IA-32 Intel® Architecture Optimization
2-22
Inlining, Calls and Returns
The return address stack mechanism augments the static and dynamic
predictors to optimize specifically for calls and returns. It holds 16
entries, which is large enough to cover the call depth of most programs.
If there is a chain of more than 16 nested calls and more than 16 returns
in rapid succession, performance may be degraded.
The trace cache maintains branch prediction information for calls and
returns. As long as the trace with the call or return remains in the trace
cache and if the call and return targets remain unchanged, the depth
limit of the return address stack described above will not impede
performance.
To enable the use of the return stack mechanism, calls and returns must
be matched in pairs. If this is done, the likelihood of exceeding the
stack depth in a manner that will impact performance is very low.

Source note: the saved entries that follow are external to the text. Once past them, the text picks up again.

lemma lt_single_one_mult:
  assumes "p \<noteq> (0::'a::comm_semiring_1 mpoly)"
  shows "single m 1 * p \<noteq> 0" and "lt (single m 1 * p) = m + lt p"
proof -
  have keys: "keys (single m (1::'a) * p) = (+) m ` keys p"
    by (rule keys_single_one_mult)
  have "m + lt p \<in> keys (single m 1 * p)"
    using keys lt_in_keys[OF assms] by auto
  then show "single m 1 * p \<noteq> 0" by auto
  show "lt (single m 1 * p) = m + lt p"
  proof (rule lt_eqI)
    show "m + lt p \<in> keys (single m 1 * p)" by fact
    fix s assume "s \<in> keys (single m 1 * p)"
    then show "drl_le s (m + lt p)"
      using keys lt_in_keys_and_max[OF assms] drl_le_add[of _ "lt p" m] by (auto simp: add.commute)
  qed
qed

lemma is_poly_add: "is_poly n p \<Longrightarrow> is_poly n q \<Longrightarrow> is_poly n (p + q)"
  unfolding is_poly_def using keys_add[of p q] by blast

lemma is_poly_mult:
  "is_poly n p \<Longrightarrow> is_poly n (q::'a::comm_semiring_1 mpoly) \<Longrightarrow> is_poly n (p * q)"
  unfolding is_poly_def using keys_mult[of p q] is_mon_add by blast

lemma is_poly_sum: "finite S \<Longrightarrow> (\<And>f. f \<in> S \<Longrightarrow> is_poly n (h f)) \<Longrightarrow> is_poly n (\<Sum>f\<in>S. h f)"
proof (induction S rule: finite_induct)
  case empty
  then show ?case by (simp add: is_poly_def)
next
  case (insert x F)
  then show ?case by (simp add: is_poly_add)
qed

lemma ideal_gen_is_poly:
  assumes "\<And>f. f \<in> F \<Longrightarrow> is_poly n f" and "p \<in> ideal_gen n (F::'a::comm_ring_1 mpoly set)"
  shows "is_poly n p"
proof -
  obtain S c where "finite S" "S \<subseteq> F" "\<forall>f\<in>S. is_poly n (c f)" "p = (\<Sum>f\<in>S. c f * f)"
    using assms(2) unfolding ideal_gen_def by blast
  then show ?thesis
    using assms(1) by (auto intro!: is_poly_sum is_poly_mult)
qed

lemma ideal_gen_single_one_mult:
  assumes "is_mon n m" and "p \<in> ideal_gen n (F::'a::comm_ring_1 mpoly set)"
  shows "single m 1 * p \<in> ideal_gen n F"
proof -
  obtain S c where S: "finite S" "S \<subseteq> F" "\<forall>f\<in>S. is_poly n (c f)" "p = (\<Sum>f\<in>S. c f * f)"
    using assms(2) unfolding ideal_gen_def by blast
  have "is_poly n (single m (1::'a))"
    using assms(1) by (simp add: is_poly_def)
  moreover have "single m 1 * p = (\<Sum>f\<in>S. (single m 1 * c f) * f)"
    by (simp add: S(4) sum_distrib_left mult.assoc)
  ultimately show ?thesis
    unfolding ideal_gen_def using S
    by (intro CollectI exI[of _ S] exI[of _ "\<lambda>f. single m 1 * c f"]) (auto intro: is_poly_mult)
qed

definition mon_ideal :: "nat \<Rightarrow> mon set \<Rightarrow> bool" where
  "mon_ideal n J \<longleftrightarrow> (\<forall>t\<in>J. is_mon n t) \<and> (\<forall>s t. t \<in> J \<longrightarrow> is_mon n s \<longrightarrow> s + t \<in> J)"

lemma mon_ideal_lt_ideal:
  fixes I :: "'a::comm_semiring_1 mpoly set"
  assumes "\<And>p. p \<in> I \<Longrightarrow> is_poly n p"
    and "\<And>m p. is_mon n m \<Longrightarrow> p \<in> I \<Longrightarrow> single m 1 * p \<in> I"
  shows "mon_ideal n (lt_ideal I)"
  unfolding mon_ideal_def
proof (intro conjI allI ballI impI)
  fix t assume "t \<in> lt_ideal I"
  then obtain p where "p \<in> I" "p \<noteq> 0" "lt p = t"
    unfolding lt_ideal_def by blast
  then show "is_mon n t"
    using assms(1) lt_in_keys unfolding is_poly_def by blast
next
  fix s t assume "t \<in> lt_ideal I" "is_mon n s"
  then obtain p where "p \<in> I" "p \<noteq> 0" "lt p = t"
    unfolding lt_ideal_def by blast
  then show "s + t \<in> lt_ideal I"
    using assms(2)[OF \<open>is_mon n s\<close>] lt_single_one_mult[of p s]
    unfolding lt_ideal_def by blast
qed

lemma mon_ideal_lt_ideal_gen:
  "(\<And>f. f \<in> F \<Longrightarrow> is_poly n f) \<Longrightarrow> mon_ideal n (lt_ideal (ideal_gen n (F::'a::comm_ring_1 mpoly set)))"
  by (rule mon_ideal_lt_ideal) (auto intro: ideal_gen_is_poly ideal_gen_single_one_mult)

subsection \<open>Minimal generators of weakly reverse lexicographic ideals\<close>

lemma min_gen_dvd_exists:
  assumes "t \<in> J"
  obtains u where "min_gen J u" "mdvd u t"
proof -
  obtain u where u: "u \<in> J" "mdvd u t" and least: "\<And>s. s \<in> J \<Longrightarrow> mdvd s t \<Longrightarrow> mdeg u \<le> mdeg s"
    using ex_has_least_nat[of "\<lambda>s. s \<in> J \<and> mdvd s t" t mdeg] assms mdvd_refl by blast
  have "min_gen J u"
    unfolding min_gen_def
    using u least mdvd_trans mdvd_mdeg_le_imp_eq by blast
  then show ?thesis using that u(2) by blast
qed

lemma lookup_exchange_x1:
  "lookup (u - x1 + single j 1) i = lookup u i - (if i = 1 then 1 else 0) + (if i = j then 1 else 0)"
  by (simp add: lookup_add lookup_minus lookup_x1 lookup_single when_def)

lemma weakly_revlex_exchange:
  assumes wr: "weakly_revlex n J" and u: "min_gen J u" "is_mon n u" "0 < lookup u 1"
    and j: "j \<in> {1..n}"
  shows "u - x1 + single j 1 \<in> J"
proof (cases "j = 1")
  case True
  have "lookup (u - x1 + single j 1) i = lookup u i" for i
    using lookup_exchange_x1[of u j i] True u(3) by simp
  then have "u - x1 + single j 1 = u"
    by (rule poly_mapping_eqI)
  then show ?thesis
    using u(1) unfolding min_gen_def by simp
next
  case False
  define s where "s = u - x1 + single j 1"
  have "mdvd x1 u"
    using u(3) by (simp add: mdvd_def lookup_x1)
  then have "mdeg u = mdeg (u - x1) + 1"
    using mdvd_imp_diff_add mdeg_add mdeg_single unfolding x1_def by metis
  then have deg: "mdeg s = mdeg u"
    unfolding s_def by (simp add: mdeg_add mdeg_single)
  have "lookup s 1 < lookup u 1"
    using lookup_exchange_x1[of u j 1] False u(3) unfolding s_def by simp
  moreover have "lookup s 0 = lookup u 0"
    using lookup_exchange_x1[of u j 0] j unfolding s_def by simp
  ultimately have "drl_less u s"
    unfolding drl_less_def using deg by (intro disjI2 conjI exI[of _ 1]) auto
  moreover have "is_mon n s"
    unfolding s_def using u(2) j by (intro is_mon_add is_mon_diff is_mon_single)
  ultimately show ?thesis
    using wr u(1) deg unfolding weakly_revlex_def min_gen_def s_def by blast
qed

Assembly/Compiler Coding Rule 4. (MH impact, MH generality) Near
calls must be matched with near returns, and far calls must be matched with
far returns. Pushing the return address on the stack and jumping to the routine
to be called is not recommended since it creates a mismatch in calls and
returns.
Calls and returns are expensive; use inlining for the following reasons:
• Parameter passing overhead can be eliminated.
• In a compiler, inlining a function exposes more opportunity for
optimization.
• If the inlined routine contains branches, the additional context of the
caller may improve branch prediction within the routine.
• A mispredicted branch can lead to larger performance penalties
inside a small function than if that function is inlined.
Assembly/Compiler Coding Rule 5. (MH impact, MH generality)
Selectively inline a function where doing so decreases code size or if the
function is small and the call site is frequently executed.